--- START ---
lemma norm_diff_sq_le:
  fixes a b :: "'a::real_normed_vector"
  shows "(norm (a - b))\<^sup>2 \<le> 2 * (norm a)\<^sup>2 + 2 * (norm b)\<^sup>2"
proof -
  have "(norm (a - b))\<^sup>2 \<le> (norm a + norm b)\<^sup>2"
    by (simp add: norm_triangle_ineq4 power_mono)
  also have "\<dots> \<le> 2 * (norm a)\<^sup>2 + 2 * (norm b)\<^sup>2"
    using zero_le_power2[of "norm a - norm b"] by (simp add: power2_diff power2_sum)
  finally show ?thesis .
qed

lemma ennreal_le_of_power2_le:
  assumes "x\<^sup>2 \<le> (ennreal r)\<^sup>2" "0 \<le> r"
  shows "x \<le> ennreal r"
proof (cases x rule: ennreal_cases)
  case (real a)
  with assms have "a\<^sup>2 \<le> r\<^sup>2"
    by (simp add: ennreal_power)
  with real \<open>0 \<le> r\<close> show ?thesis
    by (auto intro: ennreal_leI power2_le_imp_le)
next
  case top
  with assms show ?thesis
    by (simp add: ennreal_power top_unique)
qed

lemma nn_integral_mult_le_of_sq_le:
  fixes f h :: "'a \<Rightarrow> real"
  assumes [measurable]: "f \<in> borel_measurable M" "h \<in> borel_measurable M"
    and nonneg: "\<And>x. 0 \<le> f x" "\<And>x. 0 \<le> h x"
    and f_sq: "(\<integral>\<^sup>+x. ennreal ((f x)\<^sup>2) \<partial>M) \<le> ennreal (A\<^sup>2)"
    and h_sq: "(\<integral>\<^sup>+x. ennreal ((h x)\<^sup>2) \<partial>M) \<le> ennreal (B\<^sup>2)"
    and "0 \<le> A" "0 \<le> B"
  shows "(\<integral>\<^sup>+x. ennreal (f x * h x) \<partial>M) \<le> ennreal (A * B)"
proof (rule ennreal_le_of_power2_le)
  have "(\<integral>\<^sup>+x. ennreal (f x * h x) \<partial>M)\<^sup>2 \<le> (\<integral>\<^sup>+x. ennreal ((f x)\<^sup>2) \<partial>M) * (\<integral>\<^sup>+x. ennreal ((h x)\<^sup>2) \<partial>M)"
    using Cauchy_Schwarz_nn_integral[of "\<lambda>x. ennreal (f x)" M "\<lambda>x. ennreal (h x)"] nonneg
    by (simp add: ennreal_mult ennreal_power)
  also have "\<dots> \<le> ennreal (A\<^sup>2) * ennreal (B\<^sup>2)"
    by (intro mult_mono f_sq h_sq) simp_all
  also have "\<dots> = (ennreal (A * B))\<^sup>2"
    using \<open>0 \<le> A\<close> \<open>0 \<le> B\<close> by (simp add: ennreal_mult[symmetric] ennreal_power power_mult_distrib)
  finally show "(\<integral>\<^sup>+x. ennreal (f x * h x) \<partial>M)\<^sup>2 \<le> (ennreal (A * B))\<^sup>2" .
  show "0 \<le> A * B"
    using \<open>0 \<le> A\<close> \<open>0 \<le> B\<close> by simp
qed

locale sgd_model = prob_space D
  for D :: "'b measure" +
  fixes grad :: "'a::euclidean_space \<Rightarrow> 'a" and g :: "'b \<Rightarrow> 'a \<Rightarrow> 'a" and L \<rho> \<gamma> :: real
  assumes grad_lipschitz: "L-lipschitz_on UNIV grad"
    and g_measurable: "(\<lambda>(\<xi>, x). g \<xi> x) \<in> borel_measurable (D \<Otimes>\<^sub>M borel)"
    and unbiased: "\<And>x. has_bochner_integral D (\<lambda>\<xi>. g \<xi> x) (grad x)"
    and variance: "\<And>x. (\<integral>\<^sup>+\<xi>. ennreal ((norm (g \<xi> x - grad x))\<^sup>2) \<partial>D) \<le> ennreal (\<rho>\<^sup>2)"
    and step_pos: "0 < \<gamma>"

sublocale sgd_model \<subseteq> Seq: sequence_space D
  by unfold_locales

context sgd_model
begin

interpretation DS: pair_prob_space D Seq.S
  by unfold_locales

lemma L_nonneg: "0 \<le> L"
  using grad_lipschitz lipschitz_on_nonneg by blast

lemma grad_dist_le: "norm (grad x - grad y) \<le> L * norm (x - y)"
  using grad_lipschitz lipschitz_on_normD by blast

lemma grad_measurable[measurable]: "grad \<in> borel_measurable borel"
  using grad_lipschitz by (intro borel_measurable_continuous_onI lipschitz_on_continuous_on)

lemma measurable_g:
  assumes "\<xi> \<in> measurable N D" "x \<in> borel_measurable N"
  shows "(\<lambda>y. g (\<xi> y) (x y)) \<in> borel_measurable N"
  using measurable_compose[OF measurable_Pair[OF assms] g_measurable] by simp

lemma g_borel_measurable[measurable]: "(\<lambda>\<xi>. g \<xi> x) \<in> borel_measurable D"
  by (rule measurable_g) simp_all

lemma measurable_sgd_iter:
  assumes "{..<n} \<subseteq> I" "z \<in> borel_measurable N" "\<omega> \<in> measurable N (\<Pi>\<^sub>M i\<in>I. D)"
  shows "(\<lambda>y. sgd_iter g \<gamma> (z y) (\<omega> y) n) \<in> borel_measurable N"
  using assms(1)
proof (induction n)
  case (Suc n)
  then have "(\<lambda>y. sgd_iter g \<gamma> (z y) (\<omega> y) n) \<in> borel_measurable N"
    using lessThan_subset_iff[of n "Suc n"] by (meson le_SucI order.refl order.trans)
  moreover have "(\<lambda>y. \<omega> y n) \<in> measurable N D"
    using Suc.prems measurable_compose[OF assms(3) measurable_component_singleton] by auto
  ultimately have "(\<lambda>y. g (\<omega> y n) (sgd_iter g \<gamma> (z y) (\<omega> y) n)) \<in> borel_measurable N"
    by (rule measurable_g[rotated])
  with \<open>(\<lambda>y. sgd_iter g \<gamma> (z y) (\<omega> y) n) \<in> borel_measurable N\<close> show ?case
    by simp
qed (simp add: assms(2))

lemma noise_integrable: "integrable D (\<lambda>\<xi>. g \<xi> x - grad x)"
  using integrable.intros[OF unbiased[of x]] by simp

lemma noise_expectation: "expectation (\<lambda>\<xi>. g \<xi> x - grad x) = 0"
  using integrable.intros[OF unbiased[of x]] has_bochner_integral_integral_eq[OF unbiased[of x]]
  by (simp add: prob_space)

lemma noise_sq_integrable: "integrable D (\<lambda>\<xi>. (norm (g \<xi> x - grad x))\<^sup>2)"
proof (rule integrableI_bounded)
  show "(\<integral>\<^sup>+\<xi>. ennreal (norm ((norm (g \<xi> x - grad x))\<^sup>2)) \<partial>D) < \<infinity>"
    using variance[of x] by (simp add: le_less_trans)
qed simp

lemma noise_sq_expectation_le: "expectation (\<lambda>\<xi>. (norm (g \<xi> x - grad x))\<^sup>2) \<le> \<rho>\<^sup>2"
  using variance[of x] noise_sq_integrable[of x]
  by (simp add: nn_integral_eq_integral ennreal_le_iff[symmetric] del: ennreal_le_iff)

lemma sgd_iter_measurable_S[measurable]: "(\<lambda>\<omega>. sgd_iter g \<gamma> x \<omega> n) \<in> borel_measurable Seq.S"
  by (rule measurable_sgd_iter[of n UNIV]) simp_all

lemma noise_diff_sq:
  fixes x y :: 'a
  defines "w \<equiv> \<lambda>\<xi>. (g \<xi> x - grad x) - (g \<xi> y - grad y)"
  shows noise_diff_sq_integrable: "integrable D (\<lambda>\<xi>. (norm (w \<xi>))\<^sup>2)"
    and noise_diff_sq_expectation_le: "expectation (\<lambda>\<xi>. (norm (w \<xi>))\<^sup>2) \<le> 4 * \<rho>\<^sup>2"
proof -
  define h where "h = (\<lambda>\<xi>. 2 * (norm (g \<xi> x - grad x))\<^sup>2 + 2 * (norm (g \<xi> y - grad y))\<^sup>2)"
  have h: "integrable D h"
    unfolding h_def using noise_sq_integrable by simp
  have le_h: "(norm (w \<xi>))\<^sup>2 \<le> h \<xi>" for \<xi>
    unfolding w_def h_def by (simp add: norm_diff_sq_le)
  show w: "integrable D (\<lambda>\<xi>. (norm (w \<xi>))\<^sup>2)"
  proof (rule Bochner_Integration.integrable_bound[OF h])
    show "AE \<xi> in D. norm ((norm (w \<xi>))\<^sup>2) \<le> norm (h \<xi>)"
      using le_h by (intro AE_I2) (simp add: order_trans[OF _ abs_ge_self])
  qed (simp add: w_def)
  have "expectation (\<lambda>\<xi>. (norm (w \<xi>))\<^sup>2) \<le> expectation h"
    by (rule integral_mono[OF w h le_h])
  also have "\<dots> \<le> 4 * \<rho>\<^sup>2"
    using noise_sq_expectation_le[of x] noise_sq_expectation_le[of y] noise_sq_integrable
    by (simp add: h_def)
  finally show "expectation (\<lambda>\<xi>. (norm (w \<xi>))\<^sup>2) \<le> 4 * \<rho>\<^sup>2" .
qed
--- END ---
--- START ---
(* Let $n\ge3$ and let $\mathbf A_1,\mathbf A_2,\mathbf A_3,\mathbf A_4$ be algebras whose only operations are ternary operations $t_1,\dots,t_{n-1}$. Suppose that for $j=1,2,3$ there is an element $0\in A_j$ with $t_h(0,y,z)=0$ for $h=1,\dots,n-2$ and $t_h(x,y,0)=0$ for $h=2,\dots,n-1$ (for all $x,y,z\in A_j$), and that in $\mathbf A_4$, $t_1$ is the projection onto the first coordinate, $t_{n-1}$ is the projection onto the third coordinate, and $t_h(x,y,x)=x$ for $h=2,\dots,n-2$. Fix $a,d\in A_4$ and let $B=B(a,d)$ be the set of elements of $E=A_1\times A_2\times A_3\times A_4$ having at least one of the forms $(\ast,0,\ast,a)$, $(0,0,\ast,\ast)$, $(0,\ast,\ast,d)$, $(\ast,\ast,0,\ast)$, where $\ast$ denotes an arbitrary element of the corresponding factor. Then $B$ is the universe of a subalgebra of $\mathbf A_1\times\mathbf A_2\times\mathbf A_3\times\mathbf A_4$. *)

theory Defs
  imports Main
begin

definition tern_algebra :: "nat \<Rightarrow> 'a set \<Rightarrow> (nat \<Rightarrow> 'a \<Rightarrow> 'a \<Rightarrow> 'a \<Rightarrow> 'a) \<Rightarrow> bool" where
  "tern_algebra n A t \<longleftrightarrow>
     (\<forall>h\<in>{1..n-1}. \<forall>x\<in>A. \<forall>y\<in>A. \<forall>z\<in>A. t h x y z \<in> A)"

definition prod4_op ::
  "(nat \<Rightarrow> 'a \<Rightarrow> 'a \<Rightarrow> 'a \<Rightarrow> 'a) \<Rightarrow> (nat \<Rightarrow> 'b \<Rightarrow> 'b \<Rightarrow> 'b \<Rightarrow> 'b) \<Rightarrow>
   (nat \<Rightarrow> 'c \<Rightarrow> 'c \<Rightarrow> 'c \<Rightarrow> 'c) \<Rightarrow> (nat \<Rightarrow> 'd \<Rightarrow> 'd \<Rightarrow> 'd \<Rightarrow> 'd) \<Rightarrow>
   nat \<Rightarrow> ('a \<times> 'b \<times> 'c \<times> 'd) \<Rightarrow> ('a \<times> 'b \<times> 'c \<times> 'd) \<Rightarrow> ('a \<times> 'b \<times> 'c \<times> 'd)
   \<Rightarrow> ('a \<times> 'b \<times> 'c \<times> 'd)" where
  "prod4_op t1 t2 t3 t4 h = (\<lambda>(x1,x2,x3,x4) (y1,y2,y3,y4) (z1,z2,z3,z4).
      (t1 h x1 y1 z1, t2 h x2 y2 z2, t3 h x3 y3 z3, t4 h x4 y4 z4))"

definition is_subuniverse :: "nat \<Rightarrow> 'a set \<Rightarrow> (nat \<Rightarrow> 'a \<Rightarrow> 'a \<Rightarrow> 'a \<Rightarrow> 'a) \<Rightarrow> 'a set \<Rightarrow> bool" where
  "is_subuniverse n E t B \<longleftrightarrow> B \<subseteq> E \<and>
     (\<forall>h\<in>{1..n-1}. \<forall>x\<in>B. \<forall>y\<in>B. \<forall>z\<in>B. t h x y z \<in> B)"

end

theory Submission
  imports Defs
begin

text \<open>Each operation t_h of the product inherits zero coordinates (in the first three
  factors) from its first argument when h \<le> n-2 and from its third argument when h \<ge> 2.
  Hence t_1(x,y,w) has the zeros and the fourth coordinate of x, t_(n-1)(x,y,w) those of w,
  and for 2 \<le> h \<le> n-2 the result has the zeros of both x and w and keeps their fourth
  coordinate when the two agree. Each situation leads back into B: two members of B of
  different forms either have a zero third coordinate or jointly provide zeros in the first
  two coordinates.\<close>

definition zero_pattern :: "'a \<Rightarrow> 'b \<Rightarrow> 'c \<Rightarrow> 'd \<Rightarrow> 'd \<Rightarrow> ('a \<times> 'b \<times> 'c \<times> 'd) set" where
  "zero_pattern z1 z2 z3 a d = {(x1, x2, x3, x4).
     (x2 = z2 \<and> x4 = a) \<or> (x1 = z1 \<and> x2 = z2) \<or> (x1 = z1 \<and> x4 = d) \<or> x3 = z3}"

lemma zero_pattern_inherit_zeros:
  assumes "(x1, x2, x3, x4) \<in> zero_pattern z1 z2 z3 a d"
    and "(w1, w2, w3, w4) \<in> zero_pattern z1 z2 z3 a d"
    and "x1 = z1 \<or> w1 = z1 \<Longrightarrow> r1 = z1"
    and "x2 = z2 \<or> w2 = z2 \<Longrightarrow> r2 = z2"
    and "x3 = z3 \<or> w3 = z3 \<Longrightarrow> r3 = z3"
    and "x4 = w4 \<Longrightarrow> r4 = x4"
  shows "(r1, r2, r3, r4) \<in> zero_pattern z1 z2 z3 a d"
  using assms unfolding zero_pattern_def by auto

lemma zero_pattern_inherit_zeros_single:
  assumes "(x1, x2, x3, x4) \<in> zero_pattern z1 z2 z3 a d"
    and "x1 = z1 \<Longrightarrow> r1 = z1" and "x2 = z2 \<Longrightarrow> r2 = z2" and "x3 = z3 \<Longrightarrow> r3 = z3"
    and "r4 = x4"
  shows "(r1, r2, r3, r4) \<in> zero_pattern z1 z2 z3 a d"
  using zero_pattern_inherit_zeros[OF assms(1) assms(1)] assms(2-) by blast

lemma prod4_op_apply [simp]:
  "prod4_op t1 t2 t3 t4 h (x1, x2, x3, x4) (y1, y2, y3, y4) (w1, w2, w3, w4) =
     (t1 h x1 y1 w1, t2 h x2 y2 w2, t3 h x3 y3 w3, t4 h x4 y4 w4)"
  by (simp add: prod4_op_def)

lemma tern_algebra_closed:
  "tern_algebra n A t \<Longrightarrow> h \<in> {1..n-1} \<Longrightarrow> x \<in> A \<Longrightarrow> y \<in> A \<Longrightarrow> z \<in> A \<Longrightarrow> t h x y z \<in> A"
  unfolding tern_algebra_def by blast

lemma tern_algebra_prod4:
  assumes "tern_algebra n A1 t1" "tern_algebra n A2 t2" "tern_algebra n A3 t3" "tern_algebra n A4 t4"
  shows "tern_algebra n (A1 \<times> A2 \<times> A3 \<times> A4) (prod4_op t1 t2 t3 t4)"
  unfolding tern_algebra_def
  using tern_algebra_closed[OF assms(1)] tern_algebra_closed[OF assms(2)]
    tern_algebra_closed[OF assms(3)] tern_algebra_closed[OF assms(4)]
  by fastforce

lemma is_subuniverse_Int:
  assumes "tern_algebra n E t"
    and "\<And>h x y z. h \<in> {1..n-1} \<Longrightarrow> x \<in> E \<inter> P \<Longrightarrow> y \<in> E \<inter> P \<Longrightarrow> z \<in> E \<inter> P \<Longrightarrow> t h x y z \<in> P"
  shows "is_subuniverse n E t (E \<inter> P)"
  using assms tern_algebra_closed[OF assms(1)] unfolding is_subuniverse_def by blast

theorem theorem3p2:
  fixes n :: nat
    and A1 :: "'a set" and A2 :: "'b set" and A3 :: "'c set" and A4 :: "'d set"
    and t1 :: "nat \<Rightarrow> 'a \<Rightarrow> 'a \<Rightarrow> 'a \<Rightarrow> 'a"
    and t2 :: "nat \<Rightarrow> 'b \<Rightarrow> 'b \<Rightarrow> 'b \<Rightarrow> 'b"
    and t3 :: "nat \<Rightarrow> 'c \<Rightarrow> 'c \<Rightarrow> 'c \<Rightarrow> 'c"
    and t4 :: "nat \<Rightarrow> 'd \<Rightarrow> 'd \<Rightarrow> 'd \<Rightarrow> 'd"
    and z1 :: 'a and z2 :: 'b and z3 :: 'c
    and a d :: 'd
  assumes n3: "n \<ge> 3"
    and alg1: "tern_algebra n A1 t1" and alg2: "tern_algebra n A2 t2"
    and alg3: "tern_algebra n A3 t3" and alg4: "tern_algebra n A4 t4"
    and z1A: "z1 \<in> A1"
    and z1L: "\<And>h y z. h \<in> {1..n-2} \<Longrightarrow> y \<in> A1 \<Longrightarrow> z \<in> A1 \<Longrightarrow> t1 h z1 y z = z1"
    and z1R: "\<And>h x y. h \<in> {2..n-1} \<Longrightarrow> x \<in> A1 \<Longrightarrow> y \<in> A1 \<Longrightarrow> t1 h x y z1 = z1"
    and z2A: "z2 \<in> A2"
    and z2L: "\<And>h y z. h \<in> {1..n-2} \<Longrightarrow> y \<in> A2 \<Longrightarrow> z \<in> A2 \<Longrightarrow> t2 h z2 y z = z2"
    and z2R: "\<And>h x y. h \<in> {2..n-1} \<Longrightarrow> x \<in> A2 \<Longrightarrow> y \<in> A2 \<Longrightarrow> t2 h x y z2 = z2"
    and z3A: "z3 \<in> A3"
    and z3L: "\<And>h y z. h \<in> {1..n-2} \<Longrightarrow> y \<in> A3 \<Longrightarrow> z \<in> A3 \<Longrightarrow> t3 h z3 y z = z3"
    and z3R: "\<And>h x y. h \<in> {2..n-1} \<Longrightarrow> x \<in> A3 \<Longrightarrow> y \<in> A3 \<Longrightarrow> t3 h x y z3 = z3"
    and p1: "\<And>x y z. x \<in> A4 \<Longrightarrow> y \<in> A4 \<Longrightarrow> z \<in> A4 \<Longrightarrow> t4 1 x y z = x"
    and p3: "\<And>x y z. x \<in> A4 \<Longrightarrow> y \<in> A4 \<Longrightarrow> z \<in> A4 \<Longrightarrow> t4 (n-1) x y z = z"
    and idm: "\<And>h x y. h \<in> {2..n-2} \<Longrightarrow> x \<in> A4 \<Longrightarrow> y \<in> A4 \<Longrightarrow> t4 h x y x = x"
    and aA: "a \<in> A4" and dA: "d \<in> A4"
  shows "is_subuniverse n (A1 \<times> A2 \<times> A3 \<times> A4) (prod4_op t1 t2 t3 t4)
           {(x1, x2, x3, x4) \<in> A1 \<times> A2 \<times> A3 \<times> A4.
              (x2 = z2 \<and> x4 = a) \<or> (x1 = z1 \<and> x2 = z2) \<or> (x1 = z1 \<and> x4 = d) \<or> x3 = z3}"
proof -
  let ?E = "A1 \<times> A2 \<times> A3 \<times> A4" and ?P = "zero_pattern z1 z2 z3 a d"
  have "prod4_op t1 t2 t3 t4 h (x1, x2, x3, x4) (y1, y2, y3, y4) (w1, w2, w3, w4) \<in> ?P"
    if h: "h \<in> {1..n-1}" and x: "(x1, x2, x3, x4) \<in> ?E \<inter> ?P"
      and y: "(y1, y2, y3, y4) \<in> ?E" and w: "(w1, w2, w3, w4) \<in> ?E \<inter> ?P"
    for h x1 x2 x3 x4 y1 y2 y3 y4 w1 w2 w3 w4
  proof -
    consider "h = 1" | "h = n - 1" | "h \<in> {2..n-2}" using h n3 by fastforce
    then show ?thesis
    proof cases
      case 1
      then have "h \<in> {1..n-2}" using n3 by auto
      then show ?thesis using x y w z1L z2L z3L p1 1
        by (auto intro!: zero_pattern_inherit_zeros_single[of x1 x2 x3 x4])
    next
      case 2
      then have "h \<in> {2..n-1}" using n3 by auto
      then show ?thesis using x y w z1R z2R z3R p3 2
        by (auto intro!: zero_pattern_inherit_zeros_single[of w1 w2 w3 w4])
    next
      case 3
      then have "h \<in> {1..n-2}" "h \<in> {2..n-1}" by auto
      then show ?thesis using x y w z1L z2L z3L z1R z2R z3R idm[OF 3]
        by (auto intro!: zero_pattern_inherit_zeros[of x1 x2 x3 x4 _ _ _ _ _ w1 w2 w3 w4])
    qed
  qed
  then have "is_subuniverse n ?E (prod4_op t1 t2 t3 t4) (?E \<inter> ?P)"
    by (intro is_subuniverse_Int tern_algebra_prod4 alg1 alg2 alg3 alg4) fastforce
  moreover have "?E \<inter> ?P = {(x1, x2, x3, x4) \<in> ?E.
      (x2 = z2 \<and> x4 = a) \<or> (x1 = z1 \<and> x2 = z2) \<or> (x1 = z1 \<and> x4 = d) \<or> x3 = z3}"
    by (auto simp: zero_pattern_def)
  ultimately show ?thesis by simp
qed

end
--- END ---
Looking at the records above, in how many lines does the word "definition" occur? Reply with the number alone.

■ **EXERCISE RESULT**: 4